No Brasil, a escravidão é uma página que ainda não foi virada

Há um incômodo no ar. Poucas ideias são tão difundidas e partilhadas pelo senso comum brasileiro como a noção de democracia racial, que se refere à igualdade entre os brasileiros de todas as cores, raças e culturas. Em que pese o sentimento – bastante confessado – de antirracismo, é notória a persistência da discriminação em virtude da cor e são diários e rotineiros – infelizmente – os casos de ataques à população negra (preta e parda), mister nas periferias brasileiras.

Emerge desta aparente contradição – forjada pelo discurso de setores da sociedade que negam a existência de racismo no país e pelos números que os contradizem (especialmente o percentual de letalidade da juventude negra em três Estados brasileiros, especificamente) – a necessidade de se compreender a historicidade desta cultura em torno de um ponto específico, qual seja, a experiência atordoada das malhas da escravidão brasileira.

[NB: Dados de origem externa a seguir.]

(* Fix a time $t$ and let $r>0$. There exists an integer $n_o(r)>0$ such that for every integer $n\ge n_o(r)$ and every $v\in X_r$, the equation $$\sqrt n\,u-\frac{1}{p^0}Q(u,u)=v$$ has a unique solution $u_n\in X_r$.
   Context: $a,b$ are given regular positive functions of $t$ with $a(t)>C_o$, $b(t)>C_o$ ($C_o>0$). For $\bar p=(p^1,p^2,p^3),\bar q\in\mathbb{R}^3$: $\bar p\cdot\bar q=a^2(t)p^1q^1+b^2(t)(p^2q^2+p^3q^3)$, $|\bar p|^2=\bar p\cdot\bar p$, $p^0=\sqrt{1+|\bar p|^2}$, $q^0=\sqrt{1+|\bar q|^2}$, $\hat{\bar p}=\bar p/p^0$, $e=p^0+q^0$; for $\omega\in S^2$, $C(\bar p,\bar q,\omega)=\dfrac{2p^0q^0e\,\omega\cdot(\hat{\bar q}-\hat{\bar p})}{e^2-[\omega\cdot(\bar p+\bar q)]^2}$, $\bar p'=\bar p+C\omega$, $\bar q'=\bar q-C\omega$. The kernel $S(a(t),b(t),\bar p,\bar q,\bar p',\bar q')$ satisfies $0\le S\le C_1$ and $S(a,b,\bar p,\bar q,\bar p',\bar q')=S(a,b,\bar p',\bar q',\bar p,\bar q)$. $Q^+(f,g)(\bar p)=\int_{\mathbb{R}^3}\frac{a(t)b^2(t)}{q^0}d\bar q\int_{S^2}f(\bar p')g(\bar q')S\,d\omega$, $Q^-(f,g)(\bar p)=\int_{\mathbb{R}^3}\frac{a(t)b^2(t)}{q^0}d\bar q\int_{S^2}f(\bar p)g(\bar q)S\,d\omega$, $Q=Q^+-Q^-$. $\|\cdot\|$ is the $L^1(\mathbb{R}^3)$ norm and $X_r=\{f\in L^1(\mathbb{R}^3): f\ge0\text{ a.e.},\ \|f\|\le r\}$. *)

theory Defs
  imports "HOL-Analysis.Analysis"
begin

type_synonym vec3 = "real ^ 3"

definition dotm :: "real \<Rightarrow> real \<Rightarrow> vec3 \<Rightarrow> vec3 \<Rightarrow> real" where
  "dotm a b p q = a\<^sup>2 * (p $ 1) * (q $ 1) + b\<^sup>2 * ((p $ 2) * (q $ 2) + (p $ 3) * (q $ 3))"

definition nrm2 :: "real \<Rightarrow> real \<Rightarrow> vec3 \<Rightarrow> real" where
  "nrm2 a b p = dotm a b p p"

definition p0 :: "real \<Rightarrow> real \<Rightarrow> vec3 \<Rightarrow> real" where
  "p0 a b p = sqrt (1 + nrm2 a b p)"

definition hat :: "real \<Rightarrow> real \<Rightarrow> vec3 \<Rightarrow> vec3" where
  "hat a b p = (1 / p0 a b p) *\<^sub>R p"

definition Ccoll :: "real \<Rightarrow> real \<Rightarrow> vec3 \<Rightarrow> vec3 \<Rightarrow> vec3 \<Rightarrow> real" where
  "Ccoll a b p q w =
     (let e = p0 a b p + p0 a b q in
      2 * p0 a b p * p0 a b q * e * dotm a b w (hat a b q - hat a b p)
        / (e\<^sup>2 - (dotm a b w (p + q))\<^sup>2))"

definition pprime :: "real \<Rightarrow> real \<Rightarrow> vec3 \<Rightarrow> vec3 \<Rightarrow> vec3 \<Rightarrow> vec3" where
  "pprime a b p q w = p + Ccoll a b p q w *\<^sub>R w"

definition qprime :: "real \<Rightarrow> real \<Rightarrow> vec3 \<Rightarrow> vec3 \<Rightarrow> vec3 \<Rightarrow> vec3" where
  "qprime a b p q w = q - Ccoll a b p q w *\<^sub>R w"

text \<open>Points of S^2 are unit vectors for the metric scalar product dotm a b.  They are
  parametrised by the standard Euclidean unit sphere via an orthonormal frame,
  n = (sin th cos ph, sin th sin ph, cos th) gives
  omega = (n1/a, n2/b, n3/b), and d omega is the standard surface measure
  sin th d th d ph.\<close>
definition sph :: "real \<Rightarrow> real \<Rightarrow> real \<Rightarrow> real \<Rightarrow> vec3" where
  "sph a b th ph = vector [sin th * cos ph / a, sin th * sin ph / b, cos th / b]"

definition sphere_int :: "real \<Rightarrow> real \<Rightarrow> (vec3 \<Rightarrow> real) \<Rightarrow> real" where
  "sphere_int a b g =
     (LINT th:{0..pi}|lborel. (LINT ph:{0..2*pi}|lborel. sin th * g (sph a b th ph)))"

type_synonym kernel = "real \<Rightarrow> real \<Rightarrow> vec3 \<Rightarrow> vec3 \<Rightarrow> vec3 \<Rightarrow> vec3 \<Rightarrow> real"

definition Qplus :: "kernel \<Rightarrow> real \<Rightarrow> real \<Rightarrow> (vec3 \<Rightarrow> real) \<Rightarrow> (vec3 \<Rightarrow> real) \<Rightarrow> vec3 \<Rightarrow> real" where
  "Qplus S a b f g p =
     (LINT q|lborel. (a * b\<^sup>2 / p0 a b q) *
        sphere_int a b (\<lambda>w. f (pprime a b p q w) * g (qprime a b p q w)
                              * S a b p q (pprime a b p q w) (qprime a b p q w)))"

definition Qminus :: "kernel \<Rightarrow> real \<Rightarrow> real \<Rightarrow> (vec3 \<Rightarrow> real) \<Rightarrow> (vec3 \<Rightarrow> real) \<Rightarrow> vec3 \<Rightarrow> real" where
  "Qminus S a b f g p =
     (LINT q|lborel. (a * b\<^sup>2 / p0 a b q) *
        sphere_int a b (\<lambda>w. f p * g q
                              * S a b p q (pprime a b p q w) (qprime a b p q w)))"

definition Qcoll :: "kernel \<Rightarrow> real \<Rightarrow> real \<Rightarrow> (vec3 \<Rightarrow> real) \<Rightarrow> (vec3 \<Rightarrow> real) \<Rightarrow> vec3 \<Rightarrow> real" where
  "Qcoll S a b f g p = Qplus S a b f g p - Qminus S a b f g p"

definition L1norm :: "(vec3 \<Rightarrow> real) \<Rightarrow> real" where
  "L1norm f = (LINT p|lborel. \<bar>f p\<bar>)"

definition Xr :: "real \<Rightarrow> (vec3 \<Rightarrow> real) set" where
  "Xr r = {f. integrable lborel f \<and> (AE p in lborel. f p \<ge> 0) \<and> L1norm f \<le> r}"

definition solves :: "kernel \<Rightarrow> real \<Rightarrow> real \<Rightarrow> nat \<Rightarrow> (vec3 \<Rightarrow> real) \<Rightarrow> (vec3 \<Rightarrow> real) \<Rightarrow> bool" where
  "solves S a b n v u \<longleftrightarrow>
     (AE p in lborel. sqrt (real n) * u p - Qcoll S a b u u p / p0 a b p = v p)"

end

theory Submission
  imports Defs
begin

(* Write Q = Q+ - Q-, where Q-(u,u) = u nu(u) is a multiplication operator.  For every direction w
   the collision map (p, q) |-> (p', q') is an involution which, on each fibre p + q = s, has Jacobian
   p'^0 q'^0 / (p^0 q^0); together with the symmetry of S this gives the L^1 bounds
   ||Q+(f,g) / p^0|| <= kappa ||f|| ||g|| and |nu(g)| <= kappa ||g||, with kappa = a b^2 2 pi^2 C_1.
   Subtracting two solutions in X_r then forces them to agree once sqrt n > 4 kappa r.  Solutions are
   the fixed points of Phi(u) = (v + Q+(u,u)/p^0) / (sqrt n + nu(u)/p^0), which maps X_r into itself
   and is a 1/2-contraction in L^1 once sqrt n >= 1 + 6 kappa r + 2 kappa^2 r^2; its iterates from 0
   converge in L^1 and almost everywhere. *)

lemma measurable_compose_uncurry2:
  fixes H :: "'a::second_countable_topology \<Rightarrow> 'b::second_countable_topology \<Rightarrow> 'c::topological_space"
  assumes "(\<lambda>(x, y). H x y) \<in> borel_measurable borel"
    and [measurable]: "f \<in> borel_measurable M" "g \<in> borel_measurable M"
  shows "(\<lambda>x. H (f x) (g x)) \<in> borel_measurable M"
proof -
  have "(\<lambda>x. (\<lambda>(x, y). H x y) (f x, g x)) \<in> borel_measurable M"
    by (rule measurable_compose[OF _ assms(1)]) (unfold borel_prod[symmetric], measurable)
  then show ?thesis by simp
qed

lemma measurable_compose_uncurry3:
  fixes H :: "'a::second_countable_topology \<Rightarrow> 'b::second_countable_topology \<Rightarrow>
    'c::second_countable_topology \<Rightarrow> 'd::topological_space"
  assumes "(\<lambda>(x, y, z). H x y z) \<in> borel_measurable borel"
    and [measurable]: "f \<in> borel_measurable M" "g \<in> borel_measurable M" "h \<in> borel_measurable M"
  shows "(\<lambda>x. H (f x) (g x) (h x)) \<in> borel_measurable M"
proof -
  have "(\<lambda>x. (\<lambda>(x, y, z). H x y z) (f x, g x, h x)) \<in> borel_measurable M"
    by (rule measurable_compose[OF _ assms(1)]) (unfold borel_prod[symmetric], measurable)
  then show ?thesis by simp
qed

lemma measurable_compose_uncurry4:
  fixes H :: "'a::second_countable_topology \<Rightarrow> 'b::second_countable_topology \<Rightarrow>
    'c::second_countable_topology \<Rightarrow> 'd::second_countable_topology \<Rightarrow> 'e::topological_space"
  assumes "(\<lambda>(x, y, z, u). H x y z u) \<in> borel_measurable borel"
    and [measurable]: "f \<in> borel_measurable M" "g \<in> borel_measurable M" "h \<in> borel_measurable M"
      "k \<in> borel_measurable M"
  shows "(\<lambda>x. H (f x) (g x) (h x) (k x)) \<in> borel_measurable M"
proof -
  have "(\<lambda>x. (\<lambda>(x, y, z, u). H x y z u) (f x, g x, h x, k x)) \<in> borel_measurable M"
    by (rule measurable_compose[OF _ assms(1)]) (unfold borel_prod[symmetric], measurable)
  then show ?thesis by simp
qed

lemma abs_integral_le_nn_integral:
  fixes f :: "'a \<Rightarrow> real"
  shows "ennreal \<bar>integral\<^sup>L M f\<bar> \<le> (\<integral>\<^sup>+x. ennreal \<bar>f x\<bar> \<partial>M)"
proof (cases "integrable M f")
  case True
  then show ?thesis using integral_norm_bound_ennreal[OF True] by simp
qed (simp add: not_integrable_integral_eq)

lemma nn_integral_shear:
  fixes G :: "'a::euclidean_space \<Rightarrow> 'a \<Rightarrow> ennreal"
  assumes G: "(\<lambda>(x, y). G x y) \<in> borel_measurable borel"
  shows "(\<integral>\<^sup>+p. \<integral>\<^sup>+q. G p q \<partial>lborel \<partial>lborel) = (\<integral>\<^sup>+s. \<integral>\<^sup>+p. G p (s - p) \<partial>lborel \<partial>lborel)"
proof -
  note G' [measurable] = measurable_compose_uncurry2[OF G]
  have translate: "(\<integral>\<^sup>+q. G p q \<partial>lborel) = (\<integral>\<^sup>+s. G p (s - p) \<partial>lborel)" for p
  proof -
    have "(\<integral>\<^sup>+q. G p q \<partial>lborel) = (\<integral>\<^sup>+q. G p q \<partial>distr lborel borel ((+) (-p)))"
      by (simp add: lborel_distr_plus)
    also have "\<dots> = (\<integral>\<^sup>+s. G p (-p + s) \<partial>lborel)"
      by (rule nn_integral_distr) measurable
    finally show ?thesis by simp
  qed
  have "(\<lambda>(p, s). G p (s - p)) \<in> borel_measurable (lborel \<Otimes>\<^sub>M lborel)"
    unfolding case_prod_beta by measurable
  then show ?thesis
    unfolding translate by (rule lborel_pair.Fubini'[symmetric])
qed

lemma nn_integral_eq_if_same_has_integral:
  fixes g h :: "'a::euclidean_space \<Rightarrow> real"
  assumes g: "g \<in> borel_measurable borel" "\<And>x. 0 \<le> g x"
    and h: "h \<in> borel_measurable borel" "\<And>x. 0 \<le> h x"
    and gh: "\<And>b. (g has_integral b) UNIV \<longleftrightarrow> (h has_integral b) UNIV"
  shows "(\<integral>\<^sup>+x. ennreal (g x) \<partial>lborel) = (\<integral>\<^sup>+x. ennreal (h x) \<partial>lborel)"
proof -
  have finite_case: "(\<integral>\<^sup>+x. ennreal (h x) \<partial>lborel) = (\<integral>\<^sup>+x. ennreal (g x) \<partial>lborel)"
    if g: "g \<in> borel_measurable borel" "\<And>x. 0 \<le> g x" "(\<integral>\<^sup>+x. ennreal (g x) \<partial>lborel) < \<infinity>"
      and h: "h \<in> borel_measurable borel" "\<And>x. 0 \<le> h x"
      and gh: "\<And>b. (g has_integral b) UNIV \<longleftrightarrow> (h has_integral b) UNIV"
    for g h :: "'a \<Rightarrow> real"
  proof -
    have "(g has_integral integral UNIV g) UNIV"
      using nn_integral_integrable_on[OF g] by (simp add: integrable_integral)
    then have "(h has_integral integral UNIV g) UNIV" using gh by blast
    then show ?thesis
      using nn_integral_has_integral_lborel[OF h] nn_integral_lborel_eq_integral[OF g] by simp
  qed
  show ?thesis
  proof (cases "(\<integral>\<^sup>+x. ennreal (g x) \<partial>lborel) < \<infinity>")
    case True
    then show ?thesis by (rule finite_case[OF g _ h gh, symmetric])
  next
    case False
    show ?thesis
    proof (cases "(\<integral>\<^sup>+x. ennreal (h x) \<partial>lborel) < \<infinity>")
      case True
      then show ?thesis by (rule finite_case[OF h _ g]) (use gh in blast)
    qed (use False in \<open>simp add: less_top[symmetric]\<close>)
  qed
qed

lemma nn_integral_involution:
  fixes \<tau> :: "real^'n::{finite,wellorder} \<Rightarrow> real^'n::_" and f :: "real^'n::_ \<Rightarrow> real"
  assumes inv: "\<And>x. \<tau> (\<tau> x) = x"
    and der: "\<And>x. (\<tau> has_derivative \<tau>' x) (at x)"
    and f: "f \<in> borel_measurable borel" "\<And>x. 0 \<le> f x"
    and Jf: "(\<lambda>x. \<bar>det (matrix (\<tau>' x))\<bar> * f (\<tau> x)) \<in> borel_measurable borel"
  shows "(\<integral>\<^sup>+x. ennreal (\<bar>det (matrix (\<tau>' x))\<bar> * f (\<tau> x)) \<partial>lborel) = (\<integral>\<^sup>+x. ennreal (f x) \<partial>lborel)"
proof (rule nn_integral_eq_if_same_has_integral[OF Jf _ f])
  have "\<tau>' (\<tau> y) \<circ> \<tau>' y = id" for y
  proof -
    have "((\<tau> \<circ> \<tau>) has_derivative (\<tau>' (\<tau> y) \<circ> \<tau>' y)) (at y)"
      by (rule diff_chain_at[OF der der])
    moreover have "\<tau> \<circ> \<tau> = id" using inv by (simp add: fun_eq_iff)
    ultimately show ?thesis
      using has_derivative_unique has_derivative_id by (metis id_def)
  qed
  then have "\<tau>' y \<circ> \<tau>' (\<tau> y) = id" for y using inv by metis
  then show "((\<lambda>x. \<bar>det (matrix (\<tau>' x))\<bar> * f (\<tau> x)) has_integral b) UNIV \<longleftrightarrow> (f has_integral b) UNIV"
    for b by (intro cov_invertible_nonneg_eq[where h=\<tau> and h'=\<tau>']) (use der f(2) inv in auto)
qed (use f(2) in simp)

Para Caio Prado Jr., a formação da sociedade brasileira é um corpo desagregado que beira o inorgânico[1]. O sentido do que ele chamou de inorgânico pode ser compreendido a partir de dois aspectos essenciais: a um, o sentido da colonização, tida como uma grande empresa comercial forjada pela imposição de valores de troca voltados primordialmente ao mercado externo (aqui estaria o cerne da formação desagregada e da dupla barbárie, engendrada pela submissão dos escravos e dos povos originários); a dois, a reificação das relações entre escravos e senhores, que dominou as relações constitutivas da formação da sociedade[2].

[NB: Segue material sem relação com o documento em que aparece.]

text \<open>A nontrivial relation
  of minimal support, normalised to have a coefficient 1, would differ from its Frobenius
  image by a relation of smaller support, forcing it to have fixed coefficients.\<close>
lemma independent_over_extension:
  fixes g :: "'b \<Rightarrow> 'm \<Rightarrow> 'a::{field,finite}"
  assumes QC: "Q = CHAR('a) ^ j" and fin: "finite J"
    and fixed: "\<forall>l\<in>J. \<forall>k. g l k ^ Q = g l k"
    and indep: "\<forall>c. (\<forall>l\<in>J. c l ^ Q = c l) \<longrightarrow> (\<lambda>k. \<Sum>l\<in>J. c l * g l k) = (\<lambda>k. 0)
                  \<longrightarrow> (\<forall>l\<in>J. c l = 0)"
    and rel: "(\<lambda>k. \<Sum>l\<in>J. c l * g l k) = (\<lambda>k. 0)"
  shows "\<forall>l\<in>J. c l = 0"
  using rel
proof (induction "card {l\<in>J. c l \<noteq> 0}" arbitrary: c rule: less_induct)
  case less
  show ?case
  proof (rule ccontr)
    assume "\<not> (\<forall>l\<in>J. c l = 0)"
    then obtain l0 where l0: "l0 \<in> J" "c l0 \<noteq> 0" by auto
    define c' where "c' l = c l / c l0" for l
    have rel': "(\<Sum>l\<in>J. c' l * g l k) = 0" for k
    proof -
      have "(\<Sum>l\<in>J. c' l * g l k) = (\<Sum>l\<in>J. c l * g l k) / c l0"
        by (simp add: c'_def sum_divide_distrib)
      thus ?thesis using fun_cong[OF less.prems, of k] by simp
    qed
    have rel_frob: "(\<Sum>l\<in>J. c' l ^ Q * g l k) = 0" for k
      using frobenius_relation[OF QC fixed rel'] .
    define d where "d l = c' l ^ Q - c' l" for l
    have rel_d: "(\<lambda>k. \<Sum>l\<in>J. d l * g l k) = (\<lambda>k. 0)"
    proof
      fix k
      have "(\<Sum>l\<in>J. d l * g l k) = (\<Sum>l\<in>J. c' l ^ Q * g l k) - (\<Sum>l\<in>J. c' l * g l k)"
        by (simp add: d_def left_diff_distrib sum_subtractf)
      thus "(\<Sum>l\<in>J. d l * g l k) = 0" using rel' rel_frob by simp
    qed
    have "{l\<in>J. d l \<noteq> 0} \<subseteq> {l\<in>J. c l \<noteq> 0} - {l0}"
      using l0 frobenius_exponent_pos[OF QC] by (auto simp: d_def c'_def power_0_left)
    hence "card {l\<in>J. d l \<noteq> 0} \<le> card ({l\<in>J. c l \<noteq> 0} - {l0})"
      using fin by (intro card_mono) auto
    also have "\<dots> < card {l\<in>J. c l \<noteq> 0}"
      using fin l0 by (intro card_Diff1_less) auto
    finally have "card {l\<in>J. d l \<noteq> 0} < card {l\<in>J. c l \<noteq> 0}" .
    hence "\<forall>l\<in>J. d l = 0" using less.hyps rel_d by blast
    hence "\<forall>l\<in>J. c' l ^ Q = c' l" by (auto simp: d_def)
    hence "\<forall>l\<in>J. c' l = 0" using indep rel' by blast
    thus False using l0 by (simp add: c'_def)
  qed
qed

section \<open>Joint independence of the two curves\<close>

definition jointly_independent ::
  "nat \<Rightarrow> (nat \<Rightarrow> 'm \<Rightarrow> 'a::field) \<Rightarrow> nat \<Rightarrow> (nat \<Rightarrow> 'm \<Rightarrow> 'a) \<Rightarrow> bool" where
  "jointly_independent d1 e d2 f \<longleftrightarrow>
     (\<forall>a b. (\<forall>k. (\<Sum>i\<le>d1. a i * e i k) + (\<Sum>j\<le>d2. b j * f j k) = 0)
        \<longrightarrow> (\<forall>i\<le>d1. a i = 0) \<and> (\<forall>j\<le>d2. b j = 0))"

lemma jointly_independent_swap:
  assumes "jointly_independent d1 e d2 f"
  shows "jointly_independent d2 f d1 e"
  unfolding jointly_independent_def
proof (intro allI impI)
  fix a b
  assume "\<forall>k. (\<Sum>i\<le>d2. a i * f i k) + (\<Sum>j\<le>d1. b j * e j k) = 0"
  hence "\<forall>k. (\<Sum>i\<le>d1. b i * e i k) + (\<Sum>j\<le>d2. a j * f j k) = 0" by (simp add: add.commute)
  thus "(\<forall>i\<le>d2. a i = 0) \<and> (\<forall>j\<le>d1. b j = 0)"
    using assms[unfolded jointly_independent_def, rule_format, of b a] by blast
qed

lemma jointly_independent_over_GFq:
  fixes e f :: "nat \<Rightarrow> 'm \<Rightarrow> 'a::{field,finite}"
  assumes QC: "q = CHAR('a) ^ j"
    and ne: "nrc_data q d1 e" and nf: "nrc_data q d2 f"
    and disj: "span_over (GFq q) d1 e \<inter> span_over (GFq q) d2 f = {(\<lambda>k. 0)}"
    and a: "\<forall>i\<le>d1. a i \<in> GFq q" and b: "\<forall>j\<le>d2. b j \<in> GFq q"
    and rel: "\<forall>k. (\<Sum>i\<le>d1. a i * e i k) + (\<Sum>j\<le>d2. b j * f j k) = 0"
  shows "(\<forall>i\<le>d1. a i = 0) \<and> (\<forall>j\<le>d2. b j = 0)"
proof -
  define v where "v = (\<lambda>k. \<Sum>i\<le>d1. a i * e i k)"
  have "v k = (\<Sum>j\<le>d2. (- b j) * f j k)" for k
  proof -
    have "v k + (\<Sum>j\<le>d2. b j * f j k) = 0" using rel unfolding v_def by blast
    hence "v k = - (\<Sum>j\<le>d2. b j * f j k)" by (rule eq_neg_iff_add_eq_0[THEN iffD2])
    thus ?thesis by (simp add: sum_negf)
  qed
  hence v_f: "v = (\<lambda>k. \<Sum>j\<le>d2. (- b j) * f j k)" ..
  have "\<forall>j\<le>d2. - b j \<in> GFq q"
    using b frobenius_minus[OF QC] by (simp add: subfield_pow_def)
  hence "v \<in> span_over (GFq q) d2 f"
    unfolding span_over_def v_f by (intro CollectI exI[of _ "\<lambda>j. - b j"] conjI refl)
  moreover have "v \<in> span_over (GFq q) d1 e"
    unfolding span_over_def v_def using a by (intro CollectI exI[of _ a] conjI refl)
  ultimately have v0: "(\<lambda>k. \<Sum>i\<le>d1. a i * e i k) = (\<lambda>k. 0)"
    using disj unfolding v_def by blast
  have a0: "\<forall>i\<le>d1. a i = 0"
    using ne[unfolded nrc_data_def] a v0 by blast
  have "(\<lambda>k. \<Sum>j\<le>d2. b j * f j k) = (\<lambda>k. 0)"
  proof
    fix k
    show "(\<Sum>j\<le>d2. b j * f j k) = 0" using rel[rule_format, of k] fun_cong[OF v0, of k] by simp
  qed
  hence "\<forall>j\<le>d2. b j = 0" using nf[unfolded nrc_data_def] b by blast
  with a0 show ?thesis by blast
qed

lemma sum_Inl_Inr:
  assumes "finite A" "finite B"
  shows "(\<Sum>l\<in>Inl ` A \<union> Inr ` B. h l) = (\<Sum>i\<in>A. h (Inl i)) + (\<Sum>j\<in>B. h (Inr j))"
  using assms by (subst sum.union_disjoint) (auto simp: sum.reindex)

text \<open>Galois descent applied to the combined family \<open>e, f\<close> indexed by a sum type.\<close>
lemma jointly_independent_ext:
  fixes e f :: "nat \<Rightarrow> 'm \<Rightarrow> 'a::{field,finite}"
  assumes QC: "q = CHAR('a) ^ j"
    and ne: "nrc_data q d1 e" and nf: "nrc_data q d2 f"
    and disj: "span_over (GFq q) d1 e \<inter> span_over (GFq q) d2 f = {(\<lambda>k. 0)}"
  shows "jointly_independent d1 e d2 f"
  unfolding jointly_independent_def
proof (intro allI impI)
  fix a b :: "nat \<Rightarrow> 'a"
  assume rel: "\<forall>k. (\<Sum>i\<le>d1. a i * e i k) + (\<Sum>j\<le>d2. b j * f j k) = 0"
  define J where "J = Inl ` {..d1} \<union> Inr ` {..d2}"
  define g where "g = case_sum e f"
  have split: "(\<Sum>l\<in>J. c l * g l k)
      = (\<Sum>i\<le>d1. c (Inl i) * e i k) + (\<Sum>j\<le>d2. c (Inr j) * f j k)" for c :: "nat + nat \<Rightarrow> 'a" and k
    unfolding J_def g_def by (subst sum_Inl_Inr) auto
  have fin: "finite J" by (simp add: J_def)
  have fixed: "\<forall>l\<in>J. \<forall>k. g l k ^ q = g l k"
    using ne nf by (auto simp: J_def g_def nrc_data_def subfield_pow_def)
  have indep: "\<forall>c. (\<forall>l\<in>J. c l ^ q = c l) \<longrightarrow> (\<lambda>k. \<Sum>l\<in>J. c l * g l k) = (\<lambda>k. 0)
                  \<longrightarrow> (\<forall>l\<in>J. c l = 0)"
  proof (intro allI impI)
    fix c :: "nat + nat \<Rightarrow> 'a"
    assume fixed_c: "\<forall>l\<in>J. c l ^ q = c l" and rel_c: "(\<lambda>k. \<Sum>l\<in>J. c l * g l k) = (\<lambda>k. 0)"
    have "\<forall>k. (\<Sum>i\<le>d1. c (Inl i) * e i k) + (\<Sum>j\<le>d2. c (Inr j) * f j k) = 0"
      using split[of c] fun_cong[OF rel_c] by simp
    moreover have "\<forall>i\<le>d1. c (Inl i) \<in> GFq q" "\<forall>j\<le>d2. c (Inr j) \<in> GFq q"
      using fixed_c by (simp_all add: J_def subfield_pow_def)
    ultimately have "(\<forall>i\<le>d1. c (Inl i) = 0) \<and> (\<forall>j\<le>d2. c (Inr j) = 0)"
      by (rule jointly_independent_over_GFq[OF QC ne nf disj, rotated 2])
    thus "\<forall>l\<in>J. c l = 0" by (auto simp: J_def)
  qed
  have "(\<lambda>k. \<Sum>l\<in>J. case_sum a b l * g l k) = (\<lambda>k. 0)"
    using rel split by simp
  hence "\<forall>l\<in>J. case_sum a b l = 0"
    by (rule independent_over_extension[OF QC fin fixed indep])
  thus "(\<forall>i\<le>d1. a i = 0) \<and> (\<forall>j\<le>d2. b j = 0)" by (simp add: J_def ball_Un)
qed

section \<open>Projective points and lines\<close>

lemma pt_scale:
  assumes "(c::'a::field) \<noteq> 0"
  shows "pt (\<lambda>k. c * v k) = pt v"
proof
  show "pt (\<lambda>k. c * v k) \<subseteq> pt v"
  proof
    fix x assume "x \<in> pt (\<lambda>k. c * v k)"
    then obtain b where "x = (\<lambda>k. (b * c) * v k)" unfolding pt_def by (auto simp: mult.assoc)
    thus "x \<in> pt v" unfolding pt_def by blast
  qed
  show "pt v \<subseteq> pt (\<lambda>k. c * v k)"
  proof
    fix x assume "x \<in> pt v"
    then obtain b where "x = (\<lambda>k. b * v k)" unfolding pt_def by blast
    hence "x = (\<lambda>k. (b / c) * (c * v k))" using assms by auto
    thus "x \<in> pt (\<lambda>k. c * v k)" unfolding pt_def by blast
  qed
qed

As atrocidades e a barbárie dos métodos utilizados pelos colonizadores tornaram-se imanentes ao processo colonizatório, que não criou oportunidades de desenvolvimento aos escravos, aos quais foram impostas condições de absoluta desumanidade existencial e toda sorte de crueldade. Trata-se daquilo que Caio Prado Jr. chamou de “ausência de nexo moral”[3] – no sentido amplo de conjunto de forças de aglutinação, complexo de relações humanas que mantêm ligados e unidos os indivíduos e os fundem num todo coeso e compacto.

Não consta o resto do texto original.